简体   繁体   English

使用 Python 连续读取和绘制 CSV 文件

[英]Continuously reading and plotting a CSV file using Python

this is my first time asking something here, so I hope I am asking the following question the "correct way".这是我第一次在这里提问,所以我希望我能以“正确的方式”问以下问题。 If not, please let me know, and I will give more information.如果没有,请告诉我,我会提供更多信息。

I am using one Python script, to read and write 4000Hz of serial data to a CSV file.我正在使用一个 Python 脚本,将 4000Hz 的串行数据读取和写入 CSV 文件。

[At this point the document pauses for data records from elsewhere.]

(* The Petersen graph is uniformly vertex-transitive but is not a Cayley graph.
   Context: The Petersen graph has as vertices the $2$-element subsets of $\{1,2,3,4,5\}$, two being adjacent iff they are disjoint. A permutation $\sigma$ of $V(\Gamma)$ is identified with its permutation matrix (the $(u,v)$ entry is $1$ iff $\sigma(u)=v$); $J_n$ is the $n\times n$ all-ones matrix. A graph $\Gamma$ on $n$ vertices is uniformly vertex-transitive if there is a set of $n$ distinct automorphisms $\{\sigma_1,\ldots,\sigma_n\}\subset\operatorname{Aut}(\Gamma)$ with $\sum_i\sigma_i=J_n$. A Cayley graph $C(G,S)$, for a finite group $G$ and subset $S\subset G$, has vertex set $G$, with $a,b$ adjacent iff $a=sb$ or $b=sa$ for some $s\in S$; a graph is Cayley if it is isomorphic to some $C(G,S)$. *)

theory Defs
  imports "HOL-Algebra.Group" "HOL-Combinatorics.Permutations"
begin

definition petersen_V :: "nat set set" where
  "petersen_V = {A. A \<subseteq> {1..5} \<and> card A = 2}"

definition petersen_adj :: "nat set \<Rightarrow> nat set \<Rightarrow> bool" where
  "petersen_adj A B \<longleftrightarrow> A \<inter> B = {}"

definition is_automorphism :: "'a set \<Rightarrow> ('a \<Rightarrow> 'a \<Rightarrow> bool) \<Rightarrow> ('a \<Rightarrow> 'a) \<Rightarrow> bool" where
  "is_automorphism V adj \<sigma> \<longleftrightarrow>
     \<sigma> permutes V \<and> (\<forall>u\<in>V. \<forall>v\<in>V. adj u v \<longleftrightarrow> adj (\<sigma> u) (\<sigma> v))"

definition perm_matrix :: "('a \<Rightarrow> 'a) \<Rightarrow> 'a \<Rightarrow> 'a \<Rightarrow> int" where
  "perm_matrix \<sigma> u v = (if \<sigma> u = v then 1 else 0)"

definition uniformly_vertex_transitive :: "'a set \<Rightarrow> ('a \<Rightarrow> 'a \<Rightarrow> bool) \<Rightarrow> bool" where
  "uniformly_vertex_transitive V adj \<longleftrightarrow>
     (\<exists>\<Sigma>. (\<forall>\<sigma>\<in>\<Sigma>. is_automorphism V adj \<sigma>) \<and> card \<Sigma> = card V \<and>
          (\<forall>u\<in>V. \<forall>v\<in>V. (\<Sum>\<sigma>\<in>\<Sigma>. perm_matrix \<sigma> u v) = 1))"

definition cayley_adj :: "('g, 'b) monoid_scheme \<Rightarrow> 'g set \<Rightarrow> 'g \<Rightarrow> 'g \<Rightarrow> bool" where
  "cayley_adj G S a b \<longleftrightarrow> (\<exists>s\<in>S. a = s \<otimes>\<^bsub>G\<^esub> b \<or> b = s \<otimes>\<^bsub>G\<^esub> a)"

definition graph_iso :: "'a set \<Rightarrow> ('a \<Rightarrow> 'a \<Rightarrow> bool) \<Rightarrow> 'b set \<Rightarrow> ('b \<Rightarrow> 'b \<Rightarrow> bool) \<Rightarrow> bool" where
  "graph_iso V adj W adj' \<longleftrightarrow>
     (\<exists>f. bij_betw f V W \<and> (\<forall>u\<in>V. \<forall>v\<in>V. adj u v \<longleftrightarrow> adj' (f u) (f v)))"

end

theory Submission
  imports Defs "HOL-Library.Z2" "HOL-Library.Disjoint_Sets" "HOL-Number_Theory.Cong"
begin

text \<open>
  The ten maps \<open>x \<mapsto> a x + b\<close> of \<open>\<int>/5\<close> with \<open>a \<in> {1, 2}\<close> send any given pair to each pair
  exactly once; acting on the \<open>2\<close>-subsets they witness uniform vertex-transitivity.

  The Petersen graph is cubic, of diameter two and without quadrilaterals. In a Cayley graph the
  neighbourhood of the identity is closed under inversion, so odd degree forces an involution \<open>t\<close>
  among the neighbours of \<open>1\<close>. Right translations are automorphisms; if some \<open>x\<close> were not
  adjacent to \<open>x t\<close>, a common neighbour \<open>c\<close> of the two would give the quadrilateral
  \<open>x, c, x t, c t\<close>. Hence \<open>x \<sim> x t\<close> for all \<open>x\<close>, and for any other neighbour \<open>y\<close> of \<open>1\<close> the
  vertices \<open>1, y, y t, t\<close> form a quadrilateral.
\<close>

text \<open>The map \<open>y \<mapsto> a y + b + 1\<close> of \<open>\<int>/n\<close>, with residues represented by \<open>1, \<dots>, n\<close>.\<close>

definition affine_mod :: "nat \<Rightarrow> nat \<Rightarrow> nat \<Rightarrow> nat \<Rightarrow> nat" where
  "affine_mod n a b x = (if x \<in> {1..n} then (a * x + b) mod n + 1 else x)"

lemma cong_atLeastAtMost_modulus_unique:
  fixes x y n :: nat
  assumes "x \<in> {1..n}" "y \<in> {1..n}" "[x = y] (mod n)"
  shows "x = y"
proof -
  have "[x - 1 = y - 1] (mod n)"
    using assms by (simp add: cong_diff_nat)
  moreover have "x - 1 < n" "y - 1 < n"
    using assms(1,2) by auto
  ultimately have "x - 1 = y - 1"
    by (rule cong_less_modulus_unique_nat)
  then show ?thesis
    using assms(1,2) by auto
qed

lemma affine_mod_permutes:
  assumes "coprime a n"
  shows "affine_mod n a b permutes {1..n}"
proof (rule bij_imp_permutes)
  have "inj_on (affine_mod n a b) {1..n}"
  proof (rule inj_onI)
    fix x y assume x: "x \<in> {1..n}" and y: "y \<in> {1..n}"
      and "affine_mod n a b x = affine_mod n a b y"
    then have "[a * x + b = a * y + b] (mod n)"
      by (simp add: affine_mod_def cong_def)
    then have "[x = y] (mod n)"
      using assms by (metis cong_add_rcancel_nat cong_mult_lcancel_nat)
    with x y show "x = y"
      by (rule cong_atLeastAtMost_modulus_unique)
  qed
  moreover have "affine_mod n a b ` {1..n} \<subseteq> {1..n}"
    by (auto simp: affine_mod_def Suc_le_eq)
  ultimately show "bij_betw (affine_mod n a b) {1..n} {1..n}"
    by (simp add: bij_betw_def endo_inj_surj)
qed (auto simp: affine_mod_def)

section \<open>Graph properties preserved by isomorphism\<close>

definition neighbours :: "'a set \<Rightarrow> ('a \<Rightarrow> 'a \<Rightarrow> bool) \<Rightarrow> 'a \<Rightarrow> 'a set" where
  "neighbours V adj v = {w \<in> V. adj v w}"

definition regular :: "'a set \<Rightarrow> ('a \<Rightarrow> 'a \<Rightarrow> bool) \<Rightarrow> nat \<Rightarrow> bool" where
  "regular V adj k \<longleftrightarrow> (\<forall>v\<in>V. card (neighbours V adj v) = k)"

definition loopless :: "'a set \<Rightarrow> ('a \<Rightarrow> 'a \<Rightarrow> bool) \<Rightarrow> bool" where
  "loopless V adj \<longleftrightarrow> (\<forall>v\<in>V. \<not> adj v v)"

definition diameter_le_two :: "'a set \<Rightarrow> ('a \<Rightarrow> 'a \<Rightarrow> bool) \<Rightarrow> bool" where
  "diameter_le_two V adj \<longleftrightarrow>
     (\<forall>u\<in>V. \<forall>w\<in>V. u \<noteq> w \<longrightarrow> \<not> adj u w \<longrightarrow> (\<exists>c\<in>V. adj u c \<and> adj c w))"

definition quadrilateral_free :: "'a set \<Rightarrow> ('a \<Rightarrow> 'a \<Rightarrow> bool) \<Rightarrow> bool" where
  "quadrilateral_free V adj \<longleftrightarrow>
     (\<forall>a\<in>V. \<forall>b\<in>V. \<forall>c\<in>V. \<forall>d\<in>V. a \<noteq> c \<longrightarrow> adj a b \<longrightarrow> adj b c \<longrightarrow> adj c d \<longrightarrow> adj d a \<longrightarrow> b = d)"

lemma diameter_le_twoE:
  assumes "diameter_le_two V adj" "u \<in> V" "w \<in> V" "u \<noteq> w" "\<not> adj u w"
  obtains c where "c \<in> V" "adj u c" "adj c w"
  using assms unfolding diameter_le_two_def by blast

lemma quadrilateral_freeD:
  assumes "quadrilateral_free V adj" "a \<in> V" "b \<in> V" "c \<in> V" "d \<in> V" "a \<noteq> c"
    and "adj a b" "adj b c" "adj c d" "adj d a"
  shows "b = d"
  using assms unfolding quadrilateral_free_def by blast

lemma graph_isoE:
  assumes "graph_iso V adj W adj'"
  obtains f where "inj_on f V" "W = f ` V" "\<And>u v. u \<in> V \<Longrightarrow> v \<in> V \<Longrightarrow> adj' (f u) (f v) \<longleftrightarrow> adj u v"
  using assms unfolding graph_iso_def bij_betw_def by metis

lemma loopless_graph_iso:
  assumes "graph_iso V adj W adj'" "loopless V adj"
  shows "loopless W adj'"
proof (rule graph_isoE[OF assms(1)])
  fix f assume "W = f ` V" and adj': "\<And>u v. u \<in> V \<Longrightarrow> v \<in> V \<Longrightarrow> adj' (f u) (f v) \<longleftrightarrow> adj u v"
  then show ?thesis
    using assms(2) unfolding loopless_def by simp
qed

lemma diameter_le_two_graph_iso:
  assumes "graph_iso V adj W adj'" "diameter_le_two V adj"
  shows "diameter_le_two W adj'"
proof (rule graph_isoE[OF assms(1)])
  fix f assume "inj_on f V" "W = f ` V" and adj': "\<And>u v. u \<in> V \<Longrightarrow> v \<in> V \<Longrightarrow> adj' (f u) (f v) \<longleftrightarrow> adj u v"
  then show ?thesis
    using assms(2) unfolding diameter_le_two_def by (simp add: adj' inj_on_eq_iff)
qed

lemma quadrilateral_free_graph_iso:
  assumes "graph_iso V adj W adj'" "quadrilateral_free V adj"
  shows "quadrilateral_free W adj'"
proof (rule graph_isoE[OF assms(1)])
  fix f assume inj: "inj_on f V" and W: "W = f ` V"
    and adj': "\<And>u v. u \<in> V \<Longrightarrow> v \<in> V \<Longrightarrow> adj' (f u) (f v) \<longleftrightarrow> adj u v"
  show ?thesis
    unfolding quadrilateral_free_def W ball_simps(9)
  proof (intro ballI impI)
    fix a b c d assume V: "a \<in> V" "b \<in> V" "c \<in> V" "d \<in> V" and "f a \<noteq> f c"
      and "adj' (f a) (f b)" "adj' (f b) (f c)" "adj' (f c) (f d)" "adj' (f d) (f a)"
    then have "b = d"
      by (intro quadrilateral_freeD[OF assms(2) V]) (auto simp: adj')
    then show "f b = f d"
      by simp
  qed
qed

lemma regular_graph_iso:
  assumes "graph_iso V adj W adj'" "regular V adj k"
  shows "regular W adj' k"
proof (rule graph_isoE[OF assms(1)])
  fix f assume inj: "inj_on f V" and W: "W = f ` V"
    and adj': "\<And>u v. u \<in> V \<Longrightarrow> v \<in> V \<Longrightarrow> adj' (f u) (f v) \<longleftrightarrow> adj u v"
  have "neighbours W adj' (f v) = f ` neighbours V adj v" if "v \<in> V" for v
    using that by (auto simp: neighbours_def W adj')
  moreover have "card (f ` neighbours V adj v) = card (neighbours V adj v)" for v
    by (rule card_image, rule inj_on_subset[OF inj]) (auto simp: neighbours_def)
  ultimately show ?thesis
    using assms(2) by (simp add: regular_def W)
qed

lemma uniformly_vertex_transitiveI:
  assumes "finite V" "V \<noteq> {}"
    and aut: "\<And>\<sigma>. \<sigma> \<in> \<Sigma> \<Longrightarrow> is_automorphism V adj \<sigma>"
    and sharp: "\<And>u. u \<in> V \<Longrightarrow> bij_betw (\<lambda>\<sigma>. \<sigma> u) \<Sigma> V"
  shows "uniformly_vertex_transitive V adj"
proof -
  obtain u0 where "u0 \<in> V"
    using \<open>V \<noteq> {}\<close> by blast
  with sharp have bij0: "bij_betw (\<lambda>\<sigma>. \<sigma> u0) \<Sigma> V"
    by blast
  then have fin: "finite \<Sigma>"
    using \<open>finite V\<close> bij_betw_finite by blast
  have "(\<Sum>\<sigma>\<in>\<Sigma>. perm_matrix \<sigma> u v) = 1" if u: "u \<in> V" and v: "v \<in> V" for u v
  proof -
    obtain \<sigma>0 where \<sigma>0: "\<sigma>0 \<in> \<Sigma>" "\<sigma>0 u = v"
      using sharp[OF u] v by (metis bij_betw_imp_surj_on imageE)
    have "perm_matrix \<sigma> u v = (if \<sigma> = \<sigma>0 then 1 else 0)" if "\<sigma> \<in> \<Sigma>" for \<sigma>
      using that \<sigma>0 bij_betw_imp_inj_on[OF sharp[OF u]] by (auto simp: perm_matrix_def inj_on_def)
    then show ?thesis
      using fin \<sigma>0(1) by simp
  qed
  then show ?thesis
    unfolding uniformly_vertex_transitive_def using aut bij_betw_same_card[OF bij0] by blast
qed

section \<open>Cayley graphs\<close>

lemma even_card_if_fixpoint_free_involution:
  assumes "\<And>x. x \<in> X \<Longrightarrow> h x \<in> X" "\<And>x. x \<in> X \<Longrightarrow> h (h x) = x"
    and "\<And>x. x \<in> X \<Longrightarrow> h x \<noteq> x"
  shows "even (card X)"
proof -
  have "(\<Sum>x\<in>X. 1 :: bit) = 0"
    by (rule sum_involution_eq_0[of X "\<lambda>_. 1" h]) (use assms in simp_all)
  then have "even (of_nat (card X) :: bit)"
    by simp
  then show ?thesis
    by (simp only: even_of_nat_iff)
qed

lemma cayley_adj_sym: "cayley_adj G S a b \<Longrightarrow> cayley_adj G S b a"
  unfolding cayley_adj_def by blast

context group
begin

lemma cayley_adj_mult_right:
  assumes "S \<subseteq> carrier G" "a \<in> carrier G" "b \<in> carrier G" "h \<in> carrier G" "cayley_adj G S a b"
  shows "cayley_adj G S (a \<otimes> h) (b \<otimes> h)"
proof -
  from assms(5) obtain s where s: "s \<in> S" "a = s \<otimes> b \<or> b = s \<otimes> a"
    unfolding cayley_adj_def by blast
  with assms(1-4) have "a \<otimes> h = s \<otimes> (b \<otimes> h) \<or> b \<otimes> h = s \<otimes> (a \<otimes> h)"
    by (auto simp: m_assoc)
  with s(1) show ?thesis
    unfolding cayley_adj_def by blast
qed

lemma cayley_adj_one_inv:
  assumes "S \<subseteq> carrier G" "n \<in> carrier G" "cayley_adj G S \<one> n"
  shows "cayley_adj G S \<one> (inv n)"
proof -
  have "cayley_adj G S (\<one> \<otimes> inv n) (n \<otimes> inv n)"
    by (rule cayley_adj_mult_right) (use assms in auto)
  with assms(2) show ?thesis
    by (simp add: cayley_adj_sym)
qed

lemma cayley_odd_degree_involution:
  assumes "S \<subseteq> carrier G" "odd (card (neighbours (carrier G) (cayley_adj G S) \<one>))"
  obtains t where "t \<in> carrier G" "cayley_adj G S \<one> t" "inv t = t"
proof -
  let ?N = "neighbours (carrier G) (cayley_adj G S) \<one>"
  have "\<exists>t\<in>?N. inv t = t"
  proof (rule ccontr)
    assume "\<not> ?thesis"
    then have "even (card ?N)"
      by (intro even_card_if_fixpoint_free_involution[where h = "\<lambda>x. inv x"])
        (auto simp: neighbours_def cayley_adj_one_inv assms(1))
    with assms(2) show False
      by simp
  qed
  with that show ?thesis
    by (auto simp: neighbours_def)
qed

The structure of the CSV file is as follows: (this example shows the beginning of the file) CSV文件的结构如下:(本例为文件开头)

Time of mSure Calibration: 24.10.2020 20:03:14.462654
Calibration Data - AICC: 833.95; AICERT: 2109; AVCC: 0.00; AVCERT: 0 
Sampling Frequency: 4000Hz
timestamp,instantaneousCurrentValue,instantaneousVoltageValue,activePowerValueCalculated,activePowerValue
24.10.2020 20:03:16.495828,-0.00032,7e-05,-0.0,0.0
24.10.2020 20:03:16.496078,0.001424,7e-05,0.0,0.0
24.10.2020 20:03:16.496328,9.6e-05,7e-05,0.0,0.0
24.10.2020 20:03:16.496578,-0.000912,7e-05,-0.0,0.0

Data will be written to this CSV as long as the script reading serial data is active.只要读取串行数据的脚本处于活动状态,数据就会写入此 CSV。 Thus, this might become a huge file at some time.因此,这在某个时候可能会变成一个巨大的文件。 (Data is written in chunks of 8000 rows = every two seconds) (数据以 8000 行的块写入 = 每两秒)

Here is my problem: I want to plot this data live.这是我的问题:我想实时绘制这些数据。 For example, update the plot each time data is written to the CSV file.例如,每次将数据写入 CSV 文件时更新绘图。 The plotting shall be done from another script than the script reading and writing the serial data.绘图应从另一个脚本完成,而不是读取和写入串行数据的脚本。

What is working: 1. Creating the CSV file.工作原理: 1. 创建 CSV 文件。 2. Plotting a finished CSV file using another script - actually pretty well :-) 2. 使用另一个脚本绘制完成的 CSV 文件 - 实际上非常好:-)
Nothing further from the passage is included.